• **TASK INSTRUCTIONS**: A single number is required: the count of lines in the entries below that include the word "Longrightarrow".

BEGIN INFORMATION PROVIDED

lemma (in nonarch) pact_hclass_imp_GL2_int_factor:
  assumes F: "subfield F" and "g \<in> pgl2 F" "gl2 F U'"
    and "pact g (hclass F (mapply U ` (integers nv F \<times> integers nv F)))
      = hclass F (mapply U' ` (integers nv F \<times> integers nv F))"
  shows "\<exists>M K. M \<in> g \<and> K \<in> GL2_int nv F \<and> mmul M U = mmul U' K"
proof -
  let ?O2 = "integers nv F \<times> integers nv F"
  obtain M where M: "M \<in> g" "mapply M ` mapply U ` ?O2 = mapply U' ` ?O2"
    using pact_hclass_imp_matrix[OF F assms(2,4)] by blast
  then have "mapply (mmul M U) ` ?O2 = mapply U' ` ?O2"
    by (simp add: image_image mapply_mmul)
  moreover have "mdet U' \<noteq> 0"
    using assms(3) by (simp add: gl2_def)
  ultimately obtain K where "K \<in> GL2_int nv F" "mmul M U = mmul U' K"
    using lattice_eq_imp_GL2_int[OF F] by blast
  then show ?thesis
    using M(1) by blast
qed

lemma pvec_in_F: "subfield F \<Longrightarrow> a \<in> P1 F \<Longrightarrow> pvec a \<in> F \<times> F"
  unfolding P1_def by (auto simp: subfield_0 subfield_1)

lemma pvec_det_neq_0: "a \<noteq> b \<Longrightarrow> fst (pvec a) * snd (pvec b) - snd (pvec a) * fst (pvec b) \<noteq> 0"
  by (cases a; cases b) auto
lemma order_linear_factor: "order (c::complex) [:- a, 1:] = (if c = a then 1 else 0)"
  using order_power_n_n[of a 1] by (auto intro: order_0I)

lemma spectrum_of_split_charpoly:
  fixes M :: "real^'n^'n"
  assumes "charpoly M = [:- a, 1:] * [:- b, 1:] * [:- c, 1:]"
  shows "eigenvalues M = complex_of_real ` {a, b, c}"
    and "unstable_dim M = of_bool (a > 0) + of_bool (b > 0) + of_bool (c > 0)"
    and "stable_dim M = of_bool (a < 0) + of_bool (b < 0) + of_bool (c < 0)"
proof -
  define A B C where "A = complex_of_real a" "B = complex_of_real b" "C = complex_of_real c"
  have "ccharpoly M = map_poly of_real ([:- a, 1:] * ([:- b, 1:] * ([:- c, 1:] * 1)))"
    unfolding ccharpoly_def assms by (simp only: mult.assoc mult_1_right)
  then have ccharpoly: "ccharpoly M = [:- A, 1:] * ([:- B, 1:] * [:- C, 1:])"
    unfolding A_B_C_def map_poly_of_real_linear_factor by simp
  show eigenvalues: "eigenvalues M = complex_of_real ` {a, b, c}"
    unfolding eigenvalues_def ccharpoly poly_mult by (auto simp: A_B_C_def)
  have order: "order z (ccharpoly M) = of_bool (z = A) + of_bool (z = B) + of_bool (z = C)" for z
  proof -
    have nonzero: "[:- B, 1:] * [:- C, 1:] \<noteq> 0" "[:- A, 1:] * ([:- B, 1:] * [:- C, 1:]) \<noteq> 0"
      by (metis mult_eq_0_iff pCons_eq_0_iff one_neq_zero)+
    show ?thesis
      unfolding ccharpoly order_mult[OF nonzero(2)] order_mult[OF nonzero(1)] order_linear_factor
      by simp
  qed
  have count: "(\<Sum>z \<in> {z \<in> eigenvalues M. P z}. order z (ccharpoly M))
      = of_bool (P A) + of_bool (P B) + of_bool (P C)" for P
  proof -
    have "finite {z \<in> eigenvalues M. P z}" using eigenvalues by simp
    then have "(\<Sum>z \<in> {z \<in> eigenvalues M. P z}. order z (ccharpoly M))
        = of_bool (A \<in> {z \<in> eigenvalues M. P z}) + of_bool (B \<in> {z \<in> eigenvalues M. P z})
          + of_bool (C \<in> {z \<in> eigenvalues M. P z})"
      by (simp add: order sum.distrib of_bool_def sum.delta)
    then show ?thesis using eigenvalues by (simp add: A_B_C_def)
  qed
  show "unstable_dim M = of_bool (a > 0) + of_bool (b > 0) + of_bool (c > 0)"
    unfolding unstable_dim_def count by (simp add: A_B_C_def)
  show "stable_dim M = of_bool (a < 0) + of_bool (b < 0) + of_bool (c < 0)"
    unfolding stable_dim_def count by (simp add: A_B_C_def)
qed

section \<open>Invariant coordinate planes\<close>

lemma has_real_derivative_at_of_within_atLeast:
  assumes "(f has_real_derivative D) (at t within {a..})" and "a < t"
  shows "(f has_real_derivative D) (at t)"
  using assms at_within_interior[of t "{a..}"] interior_Ici[of "a - 1" a] by simp

lemma has_vector_derivative_vec_nth:
  assumes "(u has_vector_derivative D) F"
  shows "((\<lambda>t. u t $ i) has_real_derivative D $ i) F"
proof -
  have "((\<lambda>t. u t $ i) has_derivative (\<lambda>h. (h *\<^sub>R D) $ i)) F"
    using bounded_linear.has_derivative[OF bounded_linear_vec_nth assms[unfolded has_vector_derivative_def]] .
  moreover have "(\<lambda>h. (h *\<^sub>R D) $ i) = (*) (D $ i)" by (simp add: fun_eq_iff)
  ultimately show ?thesis by (simp add: has_field_derivative_def)
qed

lemma has_vector_derivative_componentwise:
  fixes u :: "real \<Rightarrow> real^'n"
  assumes "\<And>i. ((\<lambda>t. u t $ i) has_real_derivative D $ i) (at t within S)"
  shows "(u has_vector_derivative D) (at t within S)"
  unfolding has_vector_derivative_def
proof (rule has_derivative_componentwise_within[THEN iffD2], intro ballI)
  fix b :: "real^'n" assume "b \<in> Basis"
  then obtain i where b: "b = axis i 1" by (auto simp: Basis_vec_def)
  have "(\<lambda>h. h * D $ i) = (*) (D $ i)" by (simp add: fun_eq_iff)
  then have "((\<lambda>t. u t $ i) has_derivative (\<lambda>h. h * D $ i)) (at t within S)"
    using assms[of i] by (simp add: has_field_derivative_def)
  then show "((\<lambda>x. u x \<bullet> b) has_derivative (\<lambda>h. (h *\<^sub>R D) \<bullet> b)) (at t within S)"
    by (simp add: b inner_axis)
qed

END INFORMATION PROVIDED

• **WRITTEN SOLUTION**: 2